Data shown:
(* Let $N\ge2$, $j,\ell\ge0$, and let $u\in\mathbb C^N$ be a unit vector; let $n_u=a^*(u)a(u)$ be the number operator of $u$ on $\mathcal H_{j+\ell}$. Then, with $\mathcal T^\ell$ acting on operators on $\mathcal H_j$, $$\mathcal T^\ell\big(|\otimes^j u\rangle\langle\otimes^j u|\big)=\frac{1}{j!}f_\ell(n_u),\qquad f_\ell(m)=\begin{cases}\frac{\ell!\,m!}{(m-j)!},& m\ge j,\\ 0,& m<j,\end{cases}$$ so $f_\ell$ is non-decreasing. In particular, for $M\ge1$, $k\ge0$ and a unit vector $v$, the nonzero eigenvalues of $\mathcal T^k(|\otimes^M v\rangle\langle\otimes^M v|)$ on $\mathcal H_{M+k}$ are $\frac{k!\,m!}{M!\,(m-M)!}$, $m=M,\dots,M+k$, the eigenvalue indexed by $m$ having multiplicity $\binom{M+k-m+N-2}{N-2}$.
   Context: $\mathcal H_n=P_n(\mathbb C^N)^{\otimes n}$ is the totally symmetric subspace, $P_n$ the symmetrizing projection. For an operator $\Gamma$ on $\mathcal H_j$, $\mathcal T^\ell(\Gamma)=\frac{(j+\ell)!}{j!}P_{j+\ell}(I_{\mathbb C^N}^{\otimes\ell}\otimes\Gamma)P_{j+\ell}$. On the bosonic Fock space $\bigoplus_n\mathcal H_n$, $a^*(u)\phi=\sqrt{n+1}P_{n+1}(u\otimes\phi)$ for $\phi\in\mathcal H_n$ and $a(u)=a^*(u)^*$; $n_u=a^*(u)a(u)$ has eigenvalue $m$ on symmetrized tensors containing exactly $m$ factors $u$ and the remaining factors orthogonal to $u$. *)

theory Defs
  imports "HOL-Analysis.Analysis" "HOL-Combinatorics.Permutations"
    "HOL-Computational_Algebra.Polynomial" "HOL-Library.Function_Algebras"
begin

text \<open>Order-n tensors over C^N are functions on multi-indices (lists of length n with
entries below N); operators are matrices indexed by such multi-indices.  Entries
outside the index sets are irrelevant (all sums range over the index sets).\<close>

type_synonym tensor = "nat list \<Rightarrow> complex"
type_synonym mop = "nat list \<Rightarrow> nat list \<Rightarrow> complex"

definition idx :: "nat \<Rightarrow> nat \<Rightarrow> nat list set" where
  "idx N n = {xs. length xs = n \<and> set xs \<subseteq> {..<N}}"

definition app :: "nat \<Rightarrow> nat \<Rightarrow> mop \<Rightarrow> tensor \<Rightarrow> tensor" where
  "app N n A \<psi> = (\<lambda>a. \<Sum>b\<in>idx N n. A a b * \<psi> b)"

definition mmul :: "nat \<Rightarrow> nat \<Rightarrow> mop \<Rightarrow> mop \<Rightarrow> mop" where
  "mmul N n A B = (\<lambda>a c. \<Sum>b\<in>idx N n. A a b * B b c)"

definition id_op :: "nat \<Rightarrow> nat \<Rightarrow> mop" where
  "id_op N n = (\<lambda>a b. if a = b \<and> a \<in> idx N n then 1 else 0)"

text \<open>Symmetrizing projection P_n: (P psi)(a) = 1/n! * sum over sigma of psi(a o sigma).\<close>
definition sym_proj :: "nat \<Rightarrow> nat \<Rightarrow> mop" where
  "sym_proj N n = (\<lambda>a b. if a \<in> idx N n \<and> b \<in> idx N n
      then of_nat (card {\<sigma>. \<sigma> permutes {..<n} \<and> permute_list \<sigma> a = b}) / of_nat (fact n)
      else 0)"

definition Hsym :: "nat \<Rightarrow> nat \<Rightarrow> tensor set" where
  "Hsym N n = {\<psi>. (\<forall>a. a \<notin> idx N n \<longrightarrow> \<psi> a = 0) \<and> app N n (sym_proj N n) \<psi> = \<psi>}"

definition id_tensor :: "nat \<Rightarrow> mop \<Rightarrow> mop" where
  "id_tensor l \<Gamma> = (\<lambda>a b. if take l a = take l b then \<Gamma> (drop l a) (drop l b) else 0)"

definition T_op :: "nat \<Rightarrow> nat \<Rightarrow> nat \<Rightarrow> mop \<Rightarrow> mop" where
  "T_op N j l \<Gamma> = (\<lambda>a b. (of_nat (fact (j + l)) / of_nat (fact j)) *
      mmul N (j + l) (mmul N (j + l) (sym_proj N (j + l)) (id_tensor l \<Gamma>)) (sym_proj N (j + l)) a b)"

definition proj_pow :: "(nat \<Rightarrow> complex) \<Rightarrow> mop" where
  "proj_pow u = (\<lambda>a b. prod_list (map u a) * cnj (prod_list (map u b)))"

definition unit_vec :: "nat \<Rightarrow> (nat \<Rightarrow> complex) \<Rightarrow> bool" where
  "unit_vec N u \<longleftrightarrow> (\<Sum>i<N. (cmod (u i))\<^sup>2) = 1"

text \<open>Creation operator a^*(u): H_n -> H_{n+1}, a^*(u) phi = sqrt(n+1) P_{n+1}(u tensor phi).\<close>
definition creation :: "nat \<Rightarrow> nat \<Rightarrow> (nat \<Rightarrow> complex) \<Rightarrow> mop" where
  "creation N n u = (\<lambda>a b. of_real (sqrt (real (n + 1))) *
      (\<Sum>i<N. sym_proj N (n + 1) a (i # b) * u i))"

definition annihilation :: "nat \<Rightarrow> nat \<Rightarrow> (nat \<Rightarrow> complex) \<Rightarrow> mop" where
  "annihilation N n u = (\<lambda>b a. cnj (creation N n u a b))"

fun number_op :: "nat \<Rightarrow> nat \<Rightarrow> (nat \<Rightarrow> complex) \<Rightarrow> mop" where
  "number_op N 0 u = (\<lambda>a b. 0)"
| "number_op N (Suc m) u = mmul N m (creation N m u) (annihilation N m u)"

definition specH :: "nat \<Rightarrow> nat \<Rightarrow> mop \<Rightarrow> complex set" where
  "specH N n A = {c. \<exists>\<psi>\<in>Hsym N n. \<psi> \<noteq> 0 \<and> app N n A \<psi> = (\<lambda>a. c * \<psi> a)}"
lemma le_pol_feval_fbquant:
  assumes IH: "\<And>\<rho>. x \<noteq> v \<Longrightarrow> range \<rho> \<subseteq> C \<Longrightarrow> le_pol p (feval K (\<rho>(v := a)) f) (feval K (\<rho>(v := b)) f)"
    and a: "a \<in> C" and b: "b \<in> C" and ab: "mt K a b = a" and \<sigma>: "range \<sigma> \<subseteq> C"
    and t: "if t = Var v then p = c else v \<notin> tvars t"
  shows "le_pol p (feval K (\<sigma>(v := a)) (fbquant c x t f)) (feval K (\<sigma>(v := b)) (fbquant c x t f))"
proof (cases "t = Var v")
  case True
  have "le_pol p (quant p C (\<lambda>c. feval K (\<sigma>(v := a, x := mt K c a)) f))
      (quant p C (\<lambda>c. feval K (\<sigma>(v := b, x := mt K c b)) f))"
  proof (rule le_pol_quant[OF carrier_ne])
    show "\<bar>feval K (\<sigma>(v := b, x := mt K c b)) f\<bar> \<le> fm_bound f" if "c \<in> C" for c
      using that b \<sigma> by (intro feval_bound range_upd_subset mt_closed)
    fix c assume c: "c \<in> C"
    have "mt K (mt K c a) b = mt K c a" using mt_assoc[OF c a b] ab by simp
    then have "le_pol p (feval K (\<sigma>(v := a, x := mt K c a)) f)
        (feval K (\<sigma>(v := b, x := mt K (mt K c a) b)) f)"
      using le_pol_feval_upd_upd[OF IH \<sigma> mt_closed[OF c a]] by simp
    then show "\<exists>d\<in>C. le_pol p (feval K (\<sigma>(v := a, x := mt K c a)) f)
        (feval K (\<sigma>(v := b, x := mt K d b)) f)"
      using mt_closed[OF c a] by blast
  qed
  then show ?thesis using True t by (simp add: feval_fbquant)
next
  case False
  with t have "teval K (\<sigma>(v := d)) t = teval K \<sigma> t" for d
    by (simp add: teval_upd_fresh)
  with le_pol_quant_upd[OF IH a b \<sigma> mt_closed[OF _ teval_closed[OF \<sigma>]]]
  show ?thesis by (simp add: feval_fbquant)
qed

Action item: Once you have located every line with the word "using" in the material above, list those lines.

Result for this exercise:
      using that b \<sigma> by (intro feval_bound range_upd_subset mt_closed)
    have "mt K (mt K c a) b = mt K c a" using mt_assoc[OF c a b] ab by simp
      using le_pol_feval_upd_upd[OF IH \<sigma> mt_closed[OF c a]] by simp
      using mt_closed[OF c a] by blast
  then show ?thesis using True t by (simp add: feval_fbquant)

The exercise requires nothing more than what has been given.